Dear Friends in Christ,
On Monday, most of our culture will celebrate Labor Day with barbeques, trips to the swimming pool, or sleeping late. A few groups will remember the original intent of the day, which was to celebrate the social and economic achievements of the American worker.
Both of these things feel too small to me.
The Book of Common Prayer includes a prayer for Labor Day, which begins: “Almighty God, you have so linked our lives with one another that all we do affects, for good or ill, all other lives . . .” The prayer underscores the interconnectedness of contemporary life.
Ethically, economically, and practically, we are linked around the globe in historically unprecedented ways. My desire to buy a new backpack for my daughter links me to the garment worker in China and to the delivery worker who drops it on my doorstep.
I invite you to use the space of Labor Day to notice this connection. None of us are independent actors. If we are to live into our baptismal vows to “respect the dignity of every human being,” the respect includes concern for those connected to us by their work. (Which—even though they are not sewing backpacks or driving vans—includes your church staff. I encourage you to honor them.)

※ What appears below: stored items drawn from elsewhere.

text \<open>|T(u, v, I)| <= |T| |u| |v|: test the contraction against itself.\<close>
lemma tform_I_le: "norm (tform_I T u v) \<le> tnorm T * norm u * norm v"
proof -
  let ?g = "tform_I T u v"
  have "norm ?g * norm ?g = tform T u v ?g"
    by (simp add: tform_eq_inner power2_norm_eq_inner[symmetric] power2_eq_square)
  also have "\<dots> \<le> (tnorm T * norm u * norm v) * norm ?g"
    using tform_le[of T u v ?g] by linarith
  finally have h: "norm ?g * norm ?g \<le> (tnorm T * norm u * norm v) * norm ?g" .
  show ?thesis
  proof (cases "norm ?g = 0")
    case True
    then show ?thesis using tnorm_nonneg[of T] by simp
  next
    case False
    then show ?thesis using h by (simp add: mult_right_le_imp_le)
  qed
qed

subsection \<open>The distance dist(u, v)\<close>

lemma vdist_bdd: "bdd_above {(z \<bullet> v) / (norm z * norm v) | z. z \<bullet> u = 0}"
proof (rule bdd_aboveI[where M=1], clarify)
  fix z
  have "z \<bullet> v \<le> norm z * norm v" by (rule norm_cauchy_schwarz)
  then show "(z \<bullet> v) / (norm z * norm v) \<le> 1"
    by (cases "norm z * norm v = 0") (auto simp: divide_le_eq_1)
qed

lemma vdist_le:
  assumes "\<And>z. z \<bullet> u = 0 \<Longrightarrow> (z \<bullet> v) / (norm z * norm v) \<le> B"
  shows "vdist u v \<le> B"
  unfolding vdist_def
proof (rule cSup_least)
  have "(0 \<bullet> v) / (norm 0 * norm v) \<in> {(z \<bullet> v) / (norm z * norm v) | z. z \<bullet> u = 0}" by auto
  then show "{(z \<bullet> v) / (norm z * norm v) | z. z \<bullet> u = 0} \<noteq> {}" by blast
next
  fix x assume "x \<in> {(z \<bullet> v) / (norm z * norm v) | z. z \<bullet> u = 0}"
  then show "x \<le> B" using assms by blast
qed

text \<open>Conversely, for unit vectors dist(u, v) dominates the length of the component of u
  orthogonal to v (the witness is z = v - <u,v> u).\<close>
lemma perp_le_vdist:
  fixes u v :: "real^'a::finite"
  assumes u: "norm u = 1" and v: "norm v = 1"
  shows "norm (u - (u \<bullet> v) *\<^sub>R v) \<le> vdist u v"
proof -
  let ?x = "u \<bullet> v"
  let ?z = "v - ?x *\<^sub>R u"
  have uu: "u \<bullet> u = 1" and vv: "v \<bullet> v = 1" using u v by (simp_all add: norm_eq_1)
  have "?z \<bullet> u = v \<bullet> u - ?x * (u \<bullet> u)" by (simp add: inner_diff_left)
  then have zu: "?z \<bullet> u = 0" using uu by (simp add: inner_commute)
  have zv: "?z \<bullet> v = 1 - ?x^2" using vv by (simp add: inner_diff_left power2_eq_square)
  have nz: "norm ?z ^ 2 = 1 - ?x^2" unfolding power2_norm_eq_inner using uu vv
    by (simp add: inner_diff_left inner_diff_right inner_commute power2_eq_square algebra_simps)
  have np: "norm (u - ?x *\<^sub>R v) ^ 2 = 1 - ?x^2" unfolding power2_norm_eq_inner using uu vv
    by (simp add: inner_diff_left inner_diff_right inner_commute power2_eq_square algebra_simps)
  have same_length: "norm (u - ?x *\<^sub>R v) = norm ?z" using nz np
    by (metis norm_ge_zero power2_eq_imp_eq)
  have "(?z \<bullet> v) / (norm ?z * norm v) = norm ?z ^ 2 / norm ?z"
    using zv nz v by simp
  also have "\<dots> = norm ?z" by (cases "norm ?z = 0") (simp_all add: power2_eq_square)
  finally have "(?z \<bullet> v) / (norm ?z * norm v) = norm ?z" .
  moreover have "(?z \<bullet> v) / (norm ?z * norm v) \<le> vdist u v"
    unfolding vdist_def by (rule cSup_upper[OF _ vdist_bdd]) (use zu in blast)
  ultimately show ?thesis using same_length by simp
qed

lemma unit_split_along:
  fixes u v :: "real^'d::finite"
  assumes u: "norm u = 1" and v: "norm v = 1" and e: "vdist u v \<le> e"
  shows "u = (u \<bullet> v) *\<^sub>R v + (u - (u \<bullet> v) *\<^sub>R v)" "v \<bullet> (u - (u \<bullet> v) *\<^sub>R v) = 0"
    "norm (u - (u \<bullet> v) *\<^sub>R v) \<le> e" "(u \<bullet> v)^2 \<ge> 1 - e^2" "\<bar>u \<bullet> v\<bar> \<le> 1" "0 \<le> e"
proof -
  show "u = (u \<bullet> v) *\<^sub>R v + (u - (u \<bullet> v) *\<^sub>R v)" by simp
  have vv: "v \<bullet> v = 1" "u \<bullet> u = 1" using u v by (simp_all add: norm_eq_1)
  show "v \<bullet> (u - (u \<bullet> v) *\<^sub>R v) = 0" using vv by (simp add: inner_diff_right inner_commute)
  have pe: "norm (u - (u \<bullet> v) *\<^sub>R v) \<le> e" using perp_le_vdist[OF u v] e by linarith
  then show "norm (u - (u \<bullet> v) *\<^sub>R v) \<le> e" .
  show "0 \<le> e" using pe norm_ge_zero order_trans by blast
  have np: "norm (u - (u \<bullet> v) *\<^sub>R v) ^ 2 = 1 - (u \<bullet> v)^2" unfolding power2_norm_eq_inner using vv
    by (simp add: inner_diff_left inner_diff_right inner_commute power2_eq_square algebra_simps)
  have "norm (u - (u \<bullet> v) *\<^sub>R v) ^ 2 \<le> e^2" using pe by (intro power_mono) auto
  then show "(u \<bullet> v)^2 \<ge> 1 - e^2" using np by linarith
  show "\<bar>u \<bullet> v\<bar> \<le> 1" using Cauchy_Schwarz_ineq2[of u v] u v by simp
qed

And I invite you even to extend that understanding of our connection beyond workers to the broader world which supports and nurtures us. Father Santi and I will be leading a Holy Hike (9:00 a.m. at the Billy Goat A trail). My hope is that the experience will be one of joy, of course, but also that it will remind us of the fragility and preciousness of the natural world.
When we think of labor, we might think of the way we tend and steward all of the resources given to us—the land, the waters, one another. All of them deserve to be used well. None of them are to be exploited.
I hope this weekend refreshes you, and I hope it reminds you of the interwoven life of the world: “So guide us in the work we do, that we may not do it for self alone, but for the common good.”